PROBLEM TO SOLVE: Your answer must consist of exactly the lines below, starting with the line with "using W_nonneg[OF x] by (simp add: algebra_simps)" and going on through the line with "M. real_cond_exp M F", and nothing else.

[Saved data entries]
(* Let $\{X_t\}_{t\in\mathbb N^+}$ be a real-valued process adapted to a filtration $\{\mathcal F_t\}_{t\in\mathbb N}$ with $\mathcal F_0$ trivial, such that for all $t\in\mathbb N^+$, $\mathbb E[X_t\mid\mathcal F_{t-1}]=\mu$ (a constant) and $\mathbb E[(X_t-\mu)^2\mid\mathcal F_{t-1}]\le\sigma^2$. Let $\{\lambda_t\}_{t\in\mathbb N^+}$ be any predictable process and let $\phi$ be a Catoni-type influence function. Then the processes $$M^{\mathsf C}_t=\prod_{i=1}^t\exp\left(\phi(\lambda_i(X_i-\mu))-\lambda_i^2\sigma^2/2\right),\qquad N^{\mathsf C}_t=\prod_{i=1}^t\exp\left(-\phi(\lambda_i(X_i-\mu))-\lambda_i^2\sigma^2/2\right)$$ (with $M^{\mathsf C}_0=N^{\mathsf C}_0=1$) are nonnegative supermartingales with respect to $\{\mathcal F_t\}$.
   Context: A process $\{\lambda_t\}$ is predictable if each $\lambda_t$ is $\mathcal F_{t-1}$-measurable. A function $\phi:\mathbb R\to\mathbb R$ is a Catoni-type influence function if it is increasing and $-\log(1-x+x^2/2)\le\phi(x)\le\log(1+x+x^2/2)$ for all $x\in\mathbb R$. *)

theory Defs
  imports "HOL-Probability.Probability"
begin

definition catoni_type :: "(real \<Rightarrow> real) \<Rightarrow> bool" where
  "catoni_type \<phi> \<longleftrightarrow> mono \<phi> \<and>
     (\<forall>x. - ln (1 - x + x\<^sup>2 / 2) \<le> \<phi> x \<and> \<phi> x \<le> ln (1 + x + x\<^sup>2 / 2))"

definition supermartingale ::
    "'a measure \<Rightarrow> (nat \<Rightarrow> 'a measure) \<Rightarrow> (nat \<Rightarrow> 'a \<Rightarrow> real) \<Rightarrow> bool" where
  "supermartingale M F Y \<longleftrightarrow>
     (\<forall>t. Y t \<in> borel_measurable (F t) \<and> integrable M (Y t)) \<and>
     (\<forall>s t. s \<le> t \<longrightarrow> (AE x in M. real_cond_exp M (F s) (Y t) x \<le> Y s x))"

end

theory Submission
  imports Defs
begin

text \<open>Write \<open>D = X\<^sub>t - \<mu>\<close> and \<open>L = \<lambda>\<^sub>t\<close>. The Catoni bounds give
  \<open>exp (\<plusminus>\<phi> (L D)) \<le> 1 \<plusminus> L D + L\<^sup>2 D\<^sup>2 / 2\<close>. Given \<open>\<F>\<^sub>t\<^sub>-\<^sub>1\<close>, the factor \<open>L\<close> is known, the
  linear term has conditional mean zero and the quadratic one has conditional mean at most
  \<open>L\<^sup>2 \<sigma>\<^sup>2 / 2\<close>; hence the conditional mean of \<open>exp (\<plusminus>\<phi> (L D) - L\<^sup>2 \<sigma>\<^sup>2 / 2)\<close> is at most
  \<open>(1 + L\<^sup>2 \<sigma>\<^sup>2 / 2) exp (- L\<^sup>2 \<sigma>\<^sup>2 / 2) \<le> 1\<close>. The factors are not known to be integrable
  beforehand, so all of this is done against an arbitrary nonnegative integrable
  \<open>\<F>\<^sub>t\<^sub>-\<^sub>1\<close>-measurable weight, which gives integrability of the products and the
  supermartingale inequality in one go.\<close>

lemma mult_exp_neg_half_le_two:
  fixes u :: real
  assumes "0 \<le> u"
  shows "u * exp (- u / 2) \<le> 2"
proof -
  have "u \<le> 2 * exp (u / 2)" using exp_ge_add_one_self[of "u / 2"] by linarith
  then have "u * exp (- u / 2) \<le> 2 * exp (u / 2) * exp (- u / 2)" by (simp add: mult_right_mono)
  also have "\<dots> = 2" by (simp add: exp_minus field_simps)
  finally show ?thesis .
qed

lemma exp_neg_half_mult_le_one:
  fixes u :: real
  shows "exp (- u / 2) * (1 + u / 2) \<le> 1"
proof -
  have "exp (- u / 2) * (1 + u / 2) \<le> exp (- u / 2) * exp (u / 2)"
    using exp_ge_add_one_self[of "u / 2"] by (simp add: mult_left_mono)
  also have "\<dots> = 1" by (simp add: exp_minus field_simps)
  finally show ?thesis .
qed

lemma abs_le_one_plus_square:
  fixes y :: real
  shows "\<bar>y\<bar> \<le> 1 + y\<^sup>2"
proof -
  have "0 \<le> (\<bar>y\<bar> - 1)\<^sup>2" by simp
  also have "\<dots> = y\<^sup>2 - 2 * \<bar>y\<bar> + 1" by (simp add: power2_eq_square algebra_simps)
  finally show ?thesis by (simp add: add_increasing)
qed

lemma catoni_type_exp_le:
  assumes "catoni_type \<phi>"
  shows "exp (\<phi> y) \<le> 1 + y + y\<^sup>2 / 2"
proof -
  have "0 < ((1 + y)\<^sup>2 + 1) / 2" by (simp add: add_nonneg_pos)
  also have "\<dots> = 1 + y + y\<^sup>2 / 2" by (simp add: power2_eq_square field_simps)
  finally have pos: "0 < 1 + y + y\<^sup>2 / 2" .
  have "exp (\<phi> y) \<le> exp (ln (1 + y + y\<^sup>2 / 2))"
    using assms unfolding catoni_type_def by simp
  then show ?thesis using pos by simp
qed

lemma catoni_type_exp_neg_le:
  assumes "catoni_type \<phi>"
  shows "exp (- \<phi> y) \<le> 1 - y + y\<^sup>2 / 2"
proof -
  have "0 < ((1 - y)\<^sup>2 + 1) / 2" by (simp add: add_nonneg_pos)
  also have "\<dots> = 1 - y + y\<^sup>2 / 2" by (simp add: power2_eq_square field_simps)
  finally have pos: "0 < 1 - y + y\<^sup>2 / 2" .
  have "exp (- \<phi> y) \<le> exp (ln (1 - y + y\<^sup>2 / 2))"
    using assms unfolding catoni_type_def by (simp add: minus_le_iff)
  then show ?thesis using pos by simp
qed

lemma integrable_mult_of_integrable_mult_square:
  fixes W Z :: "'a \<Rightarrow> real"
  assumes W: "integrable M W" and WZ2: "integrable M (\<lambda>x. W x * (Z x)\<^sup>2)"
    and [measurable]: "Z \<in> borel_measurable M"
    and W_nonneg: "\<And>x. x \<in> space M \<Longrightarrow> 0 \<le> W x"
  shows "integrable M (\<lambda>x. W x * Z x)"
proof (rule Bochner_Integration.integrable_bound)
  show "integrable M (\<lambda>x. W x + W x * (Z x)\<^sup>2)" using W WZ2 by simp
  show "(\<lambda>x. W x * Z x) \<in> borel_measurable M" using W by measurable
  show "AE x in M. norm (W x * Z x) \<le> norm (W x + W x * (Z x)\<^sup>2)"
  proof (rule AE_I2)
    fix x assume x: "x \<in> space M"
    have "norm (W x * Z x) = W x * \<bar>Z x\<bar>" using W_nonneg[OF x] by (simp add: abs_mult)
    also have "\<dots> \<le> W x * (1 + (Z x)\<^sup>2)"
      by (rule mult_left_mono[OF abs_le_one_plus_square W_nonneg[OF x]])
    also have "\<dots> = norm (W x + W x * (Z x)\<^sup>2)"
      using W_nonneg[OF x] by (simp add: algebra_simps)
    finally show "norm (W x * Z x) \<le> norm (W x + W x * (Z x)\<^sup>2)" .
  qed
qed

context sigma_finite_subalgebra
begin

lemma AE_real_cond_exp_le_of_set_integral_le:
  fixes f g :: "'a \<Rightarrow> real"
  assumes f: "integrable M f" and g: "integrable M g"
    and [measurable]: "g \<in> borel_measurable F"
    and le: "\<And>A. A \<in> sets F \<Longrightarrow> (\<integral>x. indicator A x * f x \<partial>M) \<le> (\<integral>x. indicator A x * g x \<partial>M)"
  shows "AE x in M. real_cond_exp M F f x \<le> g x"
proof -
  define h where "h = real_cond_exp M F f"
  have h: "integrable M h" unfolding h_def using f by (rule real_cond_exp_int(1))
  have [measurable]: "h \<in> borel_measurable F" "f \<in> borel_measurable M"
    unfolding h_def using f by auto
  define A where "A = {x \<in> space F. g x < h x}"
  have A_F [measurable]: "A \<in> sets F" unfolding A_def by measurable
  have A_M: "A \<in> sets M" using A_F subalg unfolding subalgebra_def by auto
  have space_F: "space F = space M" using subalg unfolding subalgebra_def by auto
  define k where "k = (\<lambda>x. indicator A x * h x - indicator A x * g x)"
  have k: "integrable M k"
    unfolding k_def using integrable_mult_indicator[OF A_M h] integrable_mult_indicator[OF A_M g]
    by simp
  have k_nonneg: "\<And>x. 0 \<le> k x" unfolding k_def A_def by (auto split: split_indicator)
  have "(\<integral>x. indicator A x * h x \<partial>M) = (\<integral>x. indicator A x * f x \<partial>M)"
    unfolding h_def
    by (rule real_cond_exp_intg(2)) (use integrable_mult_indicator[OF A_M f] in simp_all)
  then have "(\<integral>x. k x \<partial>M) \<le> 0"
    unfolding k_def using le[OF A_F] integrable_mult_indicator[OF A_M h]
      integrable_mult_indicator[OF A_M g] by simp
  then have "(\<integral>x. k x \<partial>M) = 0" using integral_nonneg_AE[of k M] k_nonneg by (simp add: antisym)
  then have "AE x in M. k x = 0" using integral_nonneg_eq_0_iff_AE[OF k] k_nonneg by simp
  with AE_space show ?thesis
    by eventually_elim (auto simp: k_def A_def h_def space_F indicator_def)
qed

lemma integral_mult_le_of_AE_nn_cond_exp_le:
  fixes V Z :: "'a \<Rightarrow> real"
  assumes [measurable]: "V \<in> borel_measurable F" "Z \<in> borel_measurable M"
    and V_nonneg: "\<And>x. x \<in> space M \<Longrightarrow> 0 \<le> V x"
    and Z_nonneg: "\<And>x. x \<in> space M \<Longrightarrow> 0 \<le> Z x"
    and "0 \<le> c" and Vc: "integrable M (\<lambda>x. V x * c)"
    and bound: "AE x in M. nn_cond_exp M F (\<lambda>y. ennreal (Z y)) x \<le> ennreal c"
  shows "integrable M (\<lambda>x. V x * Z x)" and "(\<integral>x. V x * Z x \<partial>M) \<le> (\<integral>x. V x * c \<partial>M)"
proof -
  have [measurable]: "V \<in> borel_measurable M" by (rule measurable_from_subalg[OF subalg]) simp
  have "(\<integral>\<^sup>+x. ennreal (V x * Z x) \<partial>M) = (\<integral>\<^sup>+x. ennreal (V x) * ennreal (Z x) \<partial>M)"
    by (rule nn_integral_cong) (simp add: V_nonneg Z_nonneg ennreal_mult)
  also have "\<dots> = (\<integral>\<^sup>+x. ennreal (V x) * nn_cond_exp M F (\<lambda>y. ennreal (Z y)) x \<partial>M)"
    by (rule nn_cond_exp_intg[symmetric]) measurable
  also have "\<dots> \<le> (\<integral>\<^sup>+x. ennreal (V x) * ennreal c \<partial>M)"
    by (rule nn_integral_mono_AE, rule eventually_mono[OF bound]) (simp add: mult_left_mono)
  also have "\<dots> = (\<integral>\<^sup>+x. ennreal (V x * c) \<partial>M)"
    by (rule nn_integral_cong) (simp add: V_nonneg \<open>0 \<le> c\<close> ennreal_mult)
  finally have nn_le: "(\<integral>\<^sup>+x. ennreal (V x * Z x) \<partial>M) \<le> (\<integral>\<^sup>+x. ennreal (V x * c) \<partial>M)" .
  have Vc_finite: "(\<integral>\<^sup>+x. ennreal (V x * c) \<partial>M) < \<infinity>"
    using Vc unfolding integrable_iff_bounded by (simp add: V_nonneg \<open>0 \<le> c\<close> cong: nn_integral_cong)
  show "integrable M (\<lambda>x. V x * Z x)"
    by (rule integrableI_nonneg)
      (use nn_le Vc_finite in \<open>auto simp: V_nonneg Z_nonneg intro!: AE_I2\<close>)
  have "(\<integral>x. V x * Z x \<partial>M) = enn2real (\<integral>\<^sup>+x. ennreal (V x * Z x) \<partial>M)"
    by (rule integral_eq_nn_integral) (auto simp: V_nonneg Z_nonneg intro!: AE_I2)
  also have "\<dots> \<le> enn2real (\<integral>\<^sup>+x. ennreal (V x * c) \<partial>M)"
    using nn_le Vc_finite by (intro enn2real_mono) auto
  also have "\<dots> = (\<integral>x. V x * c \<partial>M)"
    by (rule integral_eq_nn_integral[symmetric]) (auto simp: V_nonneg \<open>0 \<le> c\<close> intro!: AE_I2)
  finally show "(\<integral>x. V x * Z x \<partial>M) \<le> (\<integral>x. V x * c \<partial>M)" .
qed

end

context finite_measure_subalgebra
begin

WORKED SOLUTION:
      using W_nonneg[OF x] by (simp add: algebra_simps)
    finally show "norm (W x * Z x) \<le> norm (W x + W x * (Z x)\<^sup>2)" .
  qed
qed

context sigma_finite_subalgebra
begin

lemma AE_real_cond_exp_le_of_set_integral_le:
  fixes f g :: "'a \<Rightarrow> real"
  assumes f: "integrable M f" and g: "integrable M g"
    and [measurable]: "g \<in> borel_measurable F"
    and le: "\<And>A. A \<in> sets F \<Longrightarrow> (\<integral>x. indicator A x * f x \<partial>M) \<le> (\<integral>x. indicator A x * g x \<partial>M)"
  shows "AE x in M. real_cond_exp M F f x \<le> g x"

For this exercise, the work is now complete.